A la fin du mois d'août 2009, le professeur Sobolev quitte l'Institut Périchorèse. Pour ne pas laisser les élèves de l'Atelier sans ressource au niveau de la formation iconographique, Michèle Lévesque prend alors la relève car, à cette époque, M. Sobolev disait ne pas vouloir poursuivre l'enseignement de l'iconographie. Détails dans notre Lettre ouverte du 8 septembre 2009 .

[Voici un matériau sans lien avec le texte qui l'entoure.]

(* Let $L$ be a metric flag triangulation of $\mathbb{S}^2$ which is not the boundary of a $3$-simplex, and let $s$ be a Euclidean vertex of $L$. (a) If $s$ is $3$-Euclidean, then the link $L_s$ and the star $\mathrm{St}_L(s)$ are full subcomplexes of $L$. (b) If $s$ is $4$-Euclidean and $L$ is not the suspension of a $3$-gon, then $L_s$ and $\mathrm{St}_L(s)$ are full subcomplexes of $L$.
   Context: A simplicial complex with edges labeled by integers $\ge 2$ is metric flag if it is the labeled nerve of a Coxeter system $(W,S)$: the vertex set is $S$, a nonempty subset $T\subseteq S$ spans a simplex iff the subgroup $W_T$ generated by $T$ is finite, and the edge $\{s,t\}$ is labeled $m_{st}$ (the order of $st$). A subcomplex is full if every simplex of $L$ whose vertices lie in the subcomplex belongs to it. For a vertex $s$: the star $\mathrm{St}_L(s)$ is the subcomplex of all closed simplices containing $s$; the link $L_s$ is the subcomplex of all closed simplices contained in simplices containing $s$ but not containing $s$; the valence of $s$ is the number of vertices of $L_s$. A vertex $s$ is $3$-Euclidean if it has valence $3$ and its link vertices $s_0,s_1,s_2$ satisfy $\pi/m_{s_0s_1}+\pi/m_{s_1s_2}+\pi/m_{s_2s_0}=\pi$; it is $4$-Euclidean if it has valence $4$ and its link is a $4$-cycle $s_0s_1s_2s_3$ with $m_{s_is_{i+1}}=2$ for all $i$ (mod $4$); it is Euclidean if it is $3$- or $4$-Euclidean. $L$ is the suspension of an $n$-gon if it is the simplicial join of two non-adjacent vertices (the suspension points) with an $n$-cycle. *)

theory Defs
  imports "HOL-Analysis.Analysis"
begin

text \<open>Coxeter matrices on a generating set S. The value m s t = 0 encodes m_st = infinity.\<close>
definition coxeter_matrix :: "'a set \<Rightarrow> ('a \<Rightarrow> 'a \<Rightarrow> nat) \<Rightarrow> bool" where
  "coxeter_matrix S m \<longleftrightarrow>
     (\<forall>s\<in>S. m s s = 1) \<and> (\<forall>s\<in>S. \<forall>t\<in>S. m s t = m t s) \<and>
     (\<forall>s\<in>S. \<forall>t\<in>S. s \<noteq> t \<longrightarrow> m s t \<noteq> 1)"

definition alt_word :: "'a \<Rightarrow> 'a \<Rightarrow> nat \<Rightarrow> 'a list" where
  "alt_word s t k = concat (replicate k [s, t])"

text \<open>Equality of words in the Coxeter group W presented by
  < S | s^2 = 1, (st)^(m_st) = 1 for m_st finite >: the congruence on words generated by the relations.\<close>
inductive cox_eq :: "'a set \<Rightarrow> ('a \<Rightarrow> 'a \<Rightarrow> nat) \<Rightarrow> 'a list \<Rightarrow> 'a list \<Rightarrow> bool"
  for S m where
  refl: "cox_eq S m w w"
| sym: "cox_eq S m u w \<Longrightarrow> cox_eq S m w u"
| trans: "cox_eq S m u v \<Longrightarrow> cox_eq S m v w \<Longrightarrow> cox_eq S m u w"
| cong: "cox_eq S m x y \<Longrightarrow> cox_eq S m (u @ x @ v) (u @ y @ v)"
| invol: "s \<in> S \<Longrightarrow> cox_eq S m [s, s] []"
| braid: "s \<in> S \<Longrightarrow> t \<in> S \<Longrightarrow> m s t \<noteq> 0 \<Longrightarrow> cox_eq S m (alt_word s t (m s t)) []"

definition cox_elem :: "'a set \<Rightarrow> ('a \<Rightarrow> 'a \<Rightarrow> nat) \<Rightarrow> 'a list \<Rightarrow> 'a list set" where
  "cox_elem S m w = {v. cox_eq S m w v}"

definition special_subgroup :: "'a set \<Rightarrow> ('a \<Rightarrow> 'a \<Rightarrow> nat) \<Rightarrow> 'a set \<Rightarrow> 'a list set set" where
  "special_subgroup S m T = cox_elem S m ` lists T"

definition nerve :: "'a set \<Rightarrow> ('a \<Rightarrow> 'a \<Rightarrow> nat) \<Rightarrow> 'a set set" where
  "nerve S m = {T. T \<noteq> {} \<and> finite T \<and> T \<subseteq> S \<and> finite (special_subgroup S m T)}"

text \<open>Simplicial complexes are represented as sets of (finite nonempty) vertex sets.\<close>
definition verts :: "'a set set \<Rightarrow> 'a set" where
  "verts K = \<Union>K"

text \<open>Geometric realization, inside the function space 'a => real (product topology).\<close>
definition realization :: "'a set set \<Rightarrow> ('a \<Rightarrow> real) set" where
  "realization K = {x. \<exists>\<sigma>\<in>K. (\<forall>v. v \<notin> \<sigma> \<longrightarrow> x v = 0) \<and> (\<forall>v. 0 \<le> x v) \<and> sum x \<sigma> = 1}"

definition triangulates_S2 :: "'a set set \<Rightarrow> bool" where
  "triangulates_S2 K \<longleftrightarrow> finite (verts K) \<and> (\<forall>\<sigma>\<in>K. \<sigma> \<noteq> {}) \<and>
     realization K homeomorphic sphere (0 :: real^3) 1"

definition boundary_of_3simplex :: "'a set set \<Rightarrow> bool" where
  "boundary_of_3simplex K \<longleftrightarrow> (\<exists>V. card V = 4 \<and> K = {\<sigma>. \<sigma> \<noteq> {} \<and> \<sigma> \<subset> V})"

definition star :: "'a set set \<Rightarrow> 'a \<Rightarrow> 'a set set" where
  "star K s = {\<tau>\<in>K. \<exists>\<sigma>\<in>K. s \<in> \<sigma> \<and> \<tau> \<subseteq> \<sigma>}"

definition link :: "'a set set \<Rightarrow> 'a \<Rightarrow> 'a set set" where
  "link K s = {\<tau>\<in>K. \<exists>\<sigma>\<in>K. s \<in> \<sigma> \<and> \<tau> \<subseteq> \<sigma> \<and> s \<notin> \<tau>}"

definition valence :: "'a set set \<Rightarrow> 'a \<Rightarrow> nat" where
  "valence K s = card (verts (link K s))"

definition full_subcomplex :: "'a set set \<Rightarrow> 'a set set \<Rightarrow> bool" where
  "full_subcomplex K M \<longleftrightarrow> M \<subseteq> K \<and> (\<forall>\<sigma>\<in>K. \<sigma> \<subseteq> verts M \<longrightarrow> \<sigma> \<in> M)"

definition three_euclidean :: "'a set set \<Rightarrow> ('a \<Rightarrow> 'a \<Rightarrow> nat) \<Rightarrow> 'a \<Rightarrow> bool" where
  "three_euclidean K m s \<longleftrightarrow> valence K s = 3 \<and>
     (\<exists>s0 s1 s2. verts (link K s) = {s0, s1, s2} \<and>
        pi / real (m s0 s1) + pi / real (m s1 s2) + pi / real (m s2 s0) = pi)"

definition cycle_complex :: "nat \<Rightarrow> (nat \<Rightarrow> 'a) \<Rightarrow> 'a set set" where
  "cycle_complex n c = {{c i} | i. i < n} \<union> {{c i, c ((i + 1) mod n)} | i. i < n}"

definition is_cycle :: "'a set set \<Rightarrow> nat \<Rightarrow> (nat \<Rightarrow> 'a) \<Rightarrow> bool" where
  "is_cycle C n c \<longleftrightarrow> 3 \<le> n \<and> inj_on c {..<n} \<and> C = cycle_complex n c"

definition four_euclidean :: "'a set set \<Rightarrow> ('a \<Rightarrow> 'a \<Rightarrow> nat) \<Rightarrow> 'a \<Rightarrow> bool" where
  "four_euclidean K m s \<longleftrightarrow> valence K s = 4 \<and>
     (\<exists>c. is_cycle (link K s) 4 c \<and> (\<forall>i<4. m (c i) (c ((i + 1) mod 4)) = 2))"

definition suspension :: "'a \<Rightarrow> 'a \<Rightarrow> 'a set set \<Rightarrow> 'a set set" where
  "suspension a b C = {\<sigma> \<union> \<tau> | \<sigma> \<tau>. \<sigma> \<in> {{}, {a}, {b}} \<and> \<tau> \<in> insert {} C \<and> \<sigma> \<union> \<tau> \<noteq> {}}"

definition suspension_of_ngon :: "'a set set \<Rightarrow> nat \<Rightarrow> bool" where
  "suspension_of_ngon K n \<longleftrightarrow> (\<exists>a b c. a \<noteq> b \<and> a \<notin> c ` {..<n} \<and> b \<notin> c ` {..<n} \<and>
     is_cycle (cycle_complex n c) n c \<and> K = suspension a b (cycle_complex n c))"

end

theory Submission
  imports Defs
begin

text \<open>The topological input is invariance of domain: a triangulated 2-sphere has no boundary
  points, so the star of a vertex of valence 3 consists of the three triangles over the edges of
  its link; and a subcomplex that already realizes a 2-sphere is the whole complex. Hence, for a
  valence-3 vertex s, a simplex on its three link vertices would close up the boundary of a
  tetrahedron. For a 4-Euclidean vertex the only candidates for non-full simplices are the
  diagonals of the square link; a diagonal a0 a2 in the nerve, together with the right angles
  along the square, forces a1 and a3 to commute with the finite group W_{a0,a2}, so the nerve
  contains the suspension of the triangle s a0 a2 and therefore equals it.\<close>

section \<open>Spaces homeomorphic to the 2-sphere\<close>

lemma homeomorphic_sphere_no_half_plane_chart:
  fixes R :: "('a \<Rightarrow> real) set" and \<phi> :: "('a \<Rightarrow> real) \<Rightarrow> real^2"
  assumes hom: "R homeomorphic sphere (0::real^3) 1"
    and U: "openin (top_of_set R) U" and pU: "p \<in> U"
    and cont: "continuous_on U \<phi>" and inj: "inj_on \<phi> U" and p0: "\<phi> p = 0"
    and upper: "\<And>x. x \<in> U \<Longrightarrow> \<phi> x $ 2 \<ge> 0"
  shows False
proof -
  obtain h k where hk: "homeomorphism R (sphere (0::real^3) 1) h k"
    using hom unfolding homeomorphic_def by blast
  have UR: "U \<subseteq> R" using U by (rule openin_imp_subset)
  have open_hU: "openin (top_of_set (sphere (0::real^3) 1)) (h ` U)"
    using homeomorphism_imp_open_map[OF hk U] .
  have kh: "k (h x) = x" if "x \<in> U" for x using hk UR that homeomorphism_apply1 by blast
  have khU: "k ` h ` U = U"
    using kh by (force simp: image_image)
  have "continuous_on (h ` U) (\<phi> \<circ> k)"
  proof (rule continuous_on_compose)
    have "h ` U \<subseteq> sphere 0 1" using hk UR homeomorphism_image1 by blast
    then show "continuous_on (h ` U) k"
      using homeomorphism_cont2[OF hk] continuous_on_subset by blast
    show "continuous_on (k ` h ` U) \<phi>" using cont khU by simp
  qed
  moreover have "inj_on (\<phi> \<circ> k) (h ` U)"
    using inj kh unfolding inj_on_def by (metis comp_apply imageE)
  ultimately have "openin (top_of_set UNIV) ((\<phi> \<circ> k) ` h ` U)"
    by (rule invariance_of_domain_sphere_affine_set[OF _ _ _ _ _ _ open_hU]) auto
  moreover have "(\<phi> \<circ> k) ` h ` U = \<phi> ` U" by (metis khU image_comp)
  ultimately have "open (\<phi> ` U)" by simp
  moreover have "0 \<in> \<phi> ` U" using pU p0 by (metis imageI)
  ultimately obtain e where e: "e > 0" "ball 0 e \<subseteq> \<phi> ` U"
    using open_contains_ball by blast
  define y :: "real^2" where "y = (- e/2) *\<^sub>R axis 2 1"
  have "norm y = e/2" using e by (simp add: y_def)
  then have "y \<in> \<phi> ` U" using e by (auto simp: dist_norm)
  then have "0 \<le> y $ 2" using upper by blast
  then show False using e by (simp add: y_def axis_def)
qed

lemma homeomorphic_sphere_embedding_onto:
  fixes R :: "('a \<Rightarrow> real) set" and g :: "real^3 \<Rightarrow> ('a \<Rightarrow> real)"
  assumes hom: "R homeomorphic sphere (0::real^3) 1"
    and contg: "continuous_on (sphere 0 1) g" and injg: "inj_on g (sphere 0 1)"
    and gR: "g ` sphere 0 1 \<subseteq> R"
  shows "g ` sphere 0 1 = R"
proof (rule ccontr)
  assume "g ` sphere 0 1 \<noteq> R"
  then obtain r where rR: "r \<in> R" and rg: "r \<notin> g ` sphere 0 1" using gR by blast
  obtain h k where hk: "homeomorphism R (sphere (0::real^3) 1) h k"
    using hom unfolding homeomorphic_def by blast
  define q where "q = h r"
  have qS: "q \<in> sphere 0 1" using hk rR homeomorphism_image1 q_def by blast
  have hgS: "(h \<circ> g) ` sphere 0 1 \<subseteq> sphere 0 1 - {q}"
  proof -
    have "h (g u) \<noteq> q" if "u \<in> sphere 0 1" for u
      using homeomorphism_apply1[OF hk] rR gR rg that unfolding q_def by (metis image_subset_iff imageI)
    then show ?thesis using gR hk homeomorphism_image1 by fastforce
  qed
  have "(sphere (0::real^3) 1 - {q}) homeomorphic (UNIV :: (real^2) set)"
    by (rule homeomorphic_punctured_sphere_affine) (use qS in auto)
  then obtain \<pi> \<rho> where pr: "homeomorphism (sphere (0::real^3) 1 - {q}) (UNIV :: (real^2) set) \<pi> \<rho>"
    unfolding homeomorphic_def by blast
  define G where "G = \<pi> \<circ> (h \<circ> g)"
  have contG: "continuous_on (sphere 0 1) G"
    unfolding G_def
  proof (rule continuous_on_compose)
    show "continuous_on (sphere 0 1) (h \<circ> g)"
      by (rule continuous_on_compose[OF contg])
        (meson continuous_on_subset gR hk homeomorphism_cont1)
    show "continuous_on ((h \<circ> g) ` sphere 0 1) \<pi>"
      using homeomorphism_cont1[OF pr] hgS continuous_on_subset by blast
  qed
  have injG: "inj_on G (sphere 0 1)"
  proof (rule inj_onI)
    fix x y :: "real^3" assume xy: "x \<in> sphere 0 1" "y \<in> sphere 0 1" "G x = G y"
    have "h (g x) \<in> sphere 0 1 - {q}" "h (g y) \<in> sphere 0 1 - {q}"
      using hgS xy(1,2) by (simp_all add: image_subset_iff del: mem_sphere)
    then have "h (g x) = h (g y)"
      using xy(3) homeomorphism_apply1[OF pr] unfolding G_def by (metis comp_apply)
    then have "g x = g y"
      using homeomorphism_apply1[OF hk] gR xy(1,2) by (metis image_subset_iff)
    then show "x = y" using inj_onD[OF injg _ xy(1,2)] by blast
  qed
  have "openin (top_of_set UNIV) (G ` sphere 0 1)"
    by (rule invariance_of_domain_sphere_affine_set[OF contG injG _ _ _ _ openin_subtopology_self])
      auto
  then have "open (G ` sphere 0 1)" by simp
  moreover have "compact (G ` sphere 0 1)"
    by (rule compact_continuous_image[OF contG]) simp
  moreover have "G ` sphere 0 1 \<noteq> {}" by (simp add: sphere_eq_empty)
  ultimately show False using compact_open[of "G ` sphere 0 1"] by simp
qed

A compter du 29 avril 2010, une nouvelle conjoncture amène l'Institut Périchorèse à prendre une orientation renouvelée. Tous les détails dans notre Lettre ouverte du 29 avril 2010.

 

Été 2010. Le projet Périchorèse-in-Chora-à-l'église orthodoxe Saint-Georges-d'Antioche est officialisé et la reprise des activités de groupe (ateliers libres et ateliers accompagnés avec possibilité d'y suivre les formations ICO 101 - Écriture d'une première icône ) est assurée en plus des cours privés qui ont continué suite au déménagement d'avril. Ce projet est une idée féconde dont tout le mérite revient à l'inspiration et à la prière de Diane Poulin-Sarkis, à l'époque élève de l'Atelier, et à d'autres fidèles de Périchorèse.  Depuis 2010, Diane assure la liaison du partenariat entre Périchorèse et la paroisse Saint-Georges, est responsable des Ateliers libres qu'elle anime avec Nicole Tanguay  et assiste également Michèle Lévesque lors des Ateliers accompagnés.  Pour tous les détails de ce beau projet et autres nouveautés (blogue, album d'icônes), voir notre Lettre ouverte du 6 août 2010 ainsi que notre page In-Chora .

 

Hiver 2012. Virginie Desjardins se joint à l'équipe permanente de l'Atelier In-Chora et débute, sous la direction de Michèle, l'écriture communautaire de l'icône-emblème de l'Atelier, la Mère-de-Dieu-de-la-Chora, sous le modèle de la Vierge du Signe. Détails dans notre lettre du 6 octobre 2012.

 

Automne 2012.  En raison d'un déménagement en région éloignée, Michèle Lévesque quitte ses fonctions à la présidence de l'association et à la direction générale de l'Institut. Elle met également fin à son travail d'enseignement à l'Atelier In-Chora, mais continue son travail de webmestre du site internet de Périchorèse et la publication de documents pédagogiques sur ce site. Le nouveau CA, composé de Diane Poulin-Sarkis, Nicole Tanguay et Virginie Desjardins, entre en fonction le 15 octobre 2012 en la fête de sainte Thérèse d'Avila. Détails : voir la page In-Chora ainsi que notre Lettre ouverte du 6 octobre 2012.

.

Gratitude Liberté Fécondité

 

Il ressort de ce qui précède que l'Institut Périchorèse est à la fois lié et libre dans son rapport aux personnes qui, pour un temps donné, sont appelées à y œuvrer. Les personnes-ressources vont et viennent, mais la mission demeure si elle est de l'Esprit (cf Ac 5, 29). Il ne s'agit pas de diminuer leur apport, bien au contraire !, car ce sont elles qui incarnent et concrétisent l'idéal au gré des conjonctures et des besoins de la communauté, mais de situer correctement leur implication. 

 

Au cours des années, plusieurs personnes ont été formées à l'iconographie dans notre Atelier d'iconographie et dans d'autres. Chez nous, certaines sont venues et reparties rapidement, d'autres sont restées, persévérant dans la vocation – car le travail iconographique est d'abord et avant tout réponse à un appel de Dieu. Certaines sont devenus d'excellentes iconographes, d'autres poursuivent leur apprentissage à des étapes variées. D'autres entendent et entendront résonner l'appel et désireront commencer leur formation à l'écriture des icônes. Avec la grâce de Dieu, il y aura toujours des maîtres iconographes, dans notre Institut ou ailleurs, pour les accueillir et les accompagner dans leur cheminement ici au Québec.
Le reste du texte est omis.